Our GA Airfield ATS ADS-B Traffic Display Trial is now under way at City Airport (Manchester Barton).

This affords us the opportunity to initiate another of our projects, researching the viability of ADS-B for drones. We do not foresee this technology being applicable for all drones. Far from it. However, for those drones that may need to operate in or near airspace shared with manned aviation, having the drones electronically conspicuous via ADS-B and thus potentially visible on a traffic display screen to airfield ATS and also to pilots in the air could be an important enhancement to safety.

It is still very early days in this field. A Wireless Telegraphy Act Aeronautical Radio License is required to legally broadcast ADS-B on 1090MHz. OFCOM issue these licenses, which are normal for manned aircraft equipped with radios. However, OFCOM do not have a standard process yet covering applications for 1090MHz ADS-B for use on drones. We therefore had to apply for a temporary ‘Innovation & Research’ License, which OFCOM have granted.

The project is being jointly managed by Airspace4All and NATS in partnership with City Airport (Manchester Barton), University of Manchester and EJS Aerial (a commercial drone operator).

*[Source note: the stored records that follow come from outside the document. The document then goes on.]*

lemma slot_differences_distinct:
  assumes gen: "generator A j" "generator B j'"
    and u: "(e1, l1, k1) \<in> set A" "(e2, l2, k2) \<in> set A"
      "(e1', l1, k1') \<in> set B" "(e2', l2, k2') \<in> set B"
    and pos: "(e1, l1) \<noteq> (e2, l2)"
    and dvd: "q dvd (e2 - e1) - (e2' - e1')"
    and z: "zero_mod r t (zgi_mult (k2 - k1) j - zgi_mult (k2' - k1') j')"
  shows "A = B \<and> j = j' \<and> e1 = e1' \<and> k1 = k1'"
proof (cases "A \<in> set HT"; cases "B \<in> set HT")
  assume "A \<in> set HT" "B \<in> set HT"
  moreover from this have "j \<in> half_residues" "j' \<in> half_residues"
    using gen generator_HT by blast+
  ultimately show ?thesis using pattern_differences_clash u pos dvd z by blast
next
  assume "A \<in> set HT" "B \<notin> set HT"
  then have "j \<in> half_residues" "zgi_unit (k2 - k1)" "k1' = 0" "k2' = 0"
    using gen generator_HT generator_SP u pos special_mult_zero pattern_unit_diff by blast+
  moreover from this have "zero_mod r t (zgi_mult (k2 - k1) j)" using z by simp
  ultimately show ?thesis using zero_mod_mult_cancel half_residues_nonzero by blast
next
  assume "A \<notin> set HT" "B \<in> set HT"
  moreover have "(e1', l1) \<noteq> (e2', l2)" using shifted_pos_neq[OF gen u pos dvd] .
  ultimately have "j' \<in> half_residues" "zgi_unit (k2' - k1')" "k1 = 0" "k2 = 0"
    using gen generator_HT generator_SP u special_mult_zero pattern_unit_diff by blast+
  moreover from this have "zero_mod r t (zgi_mult (k2' - k1') j')" using z by simp
  ultimately show ?thesis using zero_mod_mult_cancel half_residues_nonzero by blast
next
  assume "A \<notin> set HT" "B \<notin> set HT"
  then have S: "A \<in> set SP" "B \<in> set SP" "j = 0" "j' = 0" using gen generator_SP by blast+
  then have "e1 = e1'" using special_differences_eq u pos dvd by blast
  then have "A = B" using special_clash_eq S u by fastforce
  moreover have "k1 = 0" "k1' = 0" using S u special_mult_zero by blast+
  ultimately show ?thesis using S \<open>e1 = e1'\<close> by simp
qed

lemma translates_share_no_pair:
  assumes g: "g \<in> G" "g' \<in> G" and T: "T \<in> base_class" "T' \<in> base_class"
    and "x \<noteq> y" and xy: "{x, y} \<subseteq> translate g ` T \<inter> translate g' ` T'"
  shows "g = g' \<and> T = T'"
proof -
  obtain A j B j' where gen: "generator A j" "generator B j'"
    and TT: "T = pattern_triple A j" "T' = pattern_triple B j'"
    using T by (meson base_classE)
  obtain u v u' v' where uv: "u \<in> set A" "v \<in> set A" "u' \<in> set B" "v' \<in> set B"
    and x: "x = translate g (slot_point j u)" "x = translate g' (slot_point j' u')"
    and y: "y = translate g (slot_point j v)" "y = translate g' (slot_point j' v')"
    using xy unfolding TT pattern_triple_def by auto
  obtain d w d' w' where gg: "g = (d, w)" "g' = (d', w')" by (cases g; cases g')
  obtain e1 l1 k1 e2 l2 k2 e1' l1' k1' e2' l2' k2' where
    slots: "u = (e1, l1, k1)" "v = (e2, l2, k2)" "u' = (e1', l1', k1')" "v' = (e2', l2', k2')"
    by (cases u; cases v; cases u'; cases v')
  note eq1 = translate_slot_point_eq[OF x(1)[symmetric, unfolded x(2) gg slots]]
  note eq2 = translate_slot_point_eq[OF y(1)[symmetric, unfolded y(2) gg slots]]
  have "(e1, l1) \<noteq> (e2, l2)"
    using \<open>x \<noteq> y\<close> x y inj_onD[OF slot_pos_inj[OF gen(1)], of u v] uv slots by auto
  moreover have "q dvd (e2 - e1) - (e2' - e1')"
    using dvd_diff[OF eq2(2) eq1(2)] by (simp add: algebra_simps)
  moreover have "zero_mod r t (zgi_mult (k2 - k1) j - zgi_mult (k2' - k1') j')"
    using zero_mod_diff[OF eq2(3) eq1(3)] by (simp add: zgi_mult_diff_left algebra_simps)
  ultimately have "A = B \<and> j = j' \<and> u = u'"
    using slot_differences_distinct[OF gen] uv slots eq1(1) eq2(1) by auto
  moreover have "slot_point j u \<in> points" using slot_point_in_points gen(1) uv(1) .
  ultimately have "g = g'" using translate_cancel[OF g] x by metis
  with \<open>A = B \<and> j = j' \<and> u = u'\<close> show ?thesis using TT by simp
qed
theorem card_partitions_with_blocks:
  assumes "2 \<le> n" "M < n"
  shows "card {\<rho> \<in> C_path n. card \<rho> = Suc M} = card (up_spanning_walks M n)"
proof -
  have "{\<rho> \<in> C_path n. card \<rho> = Suc M} = walk_partition n ` up_spanning_walks M n"
    using walk_partition_blocks[OF _ assms(2)] walk_partition_surj[OF assms(1)] by blast
  then show ?thesis using card_image[OF walk_partition_inj] by simp
qed

section \<open>The number of partitions with \<open>n - k + 1\<close> blocks\<close>

text \<open>With \<open>M + k = m + 1\<close>, the two differences making up
  \<open>hit_count m M - hit_count m (M + 2)\<close> are the two binomial coefficients of the claim.\<close>
lemma hit_count_gap_two:
  assumes "1 \<le> k" "M + k = Suc m"
  shows "hit_count m (int M) - hit_count m (int M + 2)
       = int (zbinom m (int ((k + 1) div 2) - 1)) + int (zbinom m (int (k div 2) - 1))"
proof -
  have "m - M = k - 1" "m - Suc M = k - 2" "nat (int M + 1) = Suc M" using assms by auto
  then have diffs: "hit_count m (int M) - hit_count m (int M + 1) = int (m choose ((k - 1) div 2))"
    "hit_count m (int M + 1) - hit_count m (int M + 2)
      = (if 2 \<le> k then int (m choose ((k - 2) div 2)) else 0)"
    using hit_count_diff[of "int M" m] hit_count_diff[of "int M + 1" m] assms
    by (simp_all add: nat_div_distrib nat_diff_distrib add.assoc)
  have ceil_index: "int ((k + 1) div 2) - 1 = int ((k - 1) div 2)" using assms by linarith
  have floor_index: "int (k div 2) - 1 = (if 2 \<le> k then int ((k - 2) div 2) else -1)"
  proof (cases "2 \<le> k")
    case True
    then obtain j where "k = j + 2" by (metis le_add_diff_inverse2)
    then show ?thesis by simp
  next
    case False
    with assms have "k = 1" by simp
    then show ?thesis by simp
  qed
  have "hit_count m (int M) - hit_count m (int M + 2)
      = (hit_count m (int M) - hit_count m (int M + 1))
        + (hit_count m (int M + 1) - hit_count m (int M + 2))" by simp
  also have "\<dots> = int (m choose ((k - 1) div 2))
      + (if 2 \<le> k then int (m choose ((k - 2) div 2)) else 0)" unfolding diffs ..
  also have "\<dots> = int (zbinom m (int ((k + 1) div 2) - 1)) + int (zbinom m (int (k div 2) - 1))"
    unfolding ceil_index floor_index zbinom_def by simp
  finally show ?thesis .
qed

The project is fully authorised by the CAA. uAvionix have kindly loaned us miniaturised 1090MHz ADS-B devices designed for drones. The ADS-B devices are compliant with the CAA CAP 1391 Electronic Conspicuity specification.

Ed of EJS Aerial is working with University of Manchester to get some drones kitted out to fly with an ADS-B device. Ed has kindly made the above video providing a little background information, aimed at the drone community and anyone unfamiliar with ADS-B.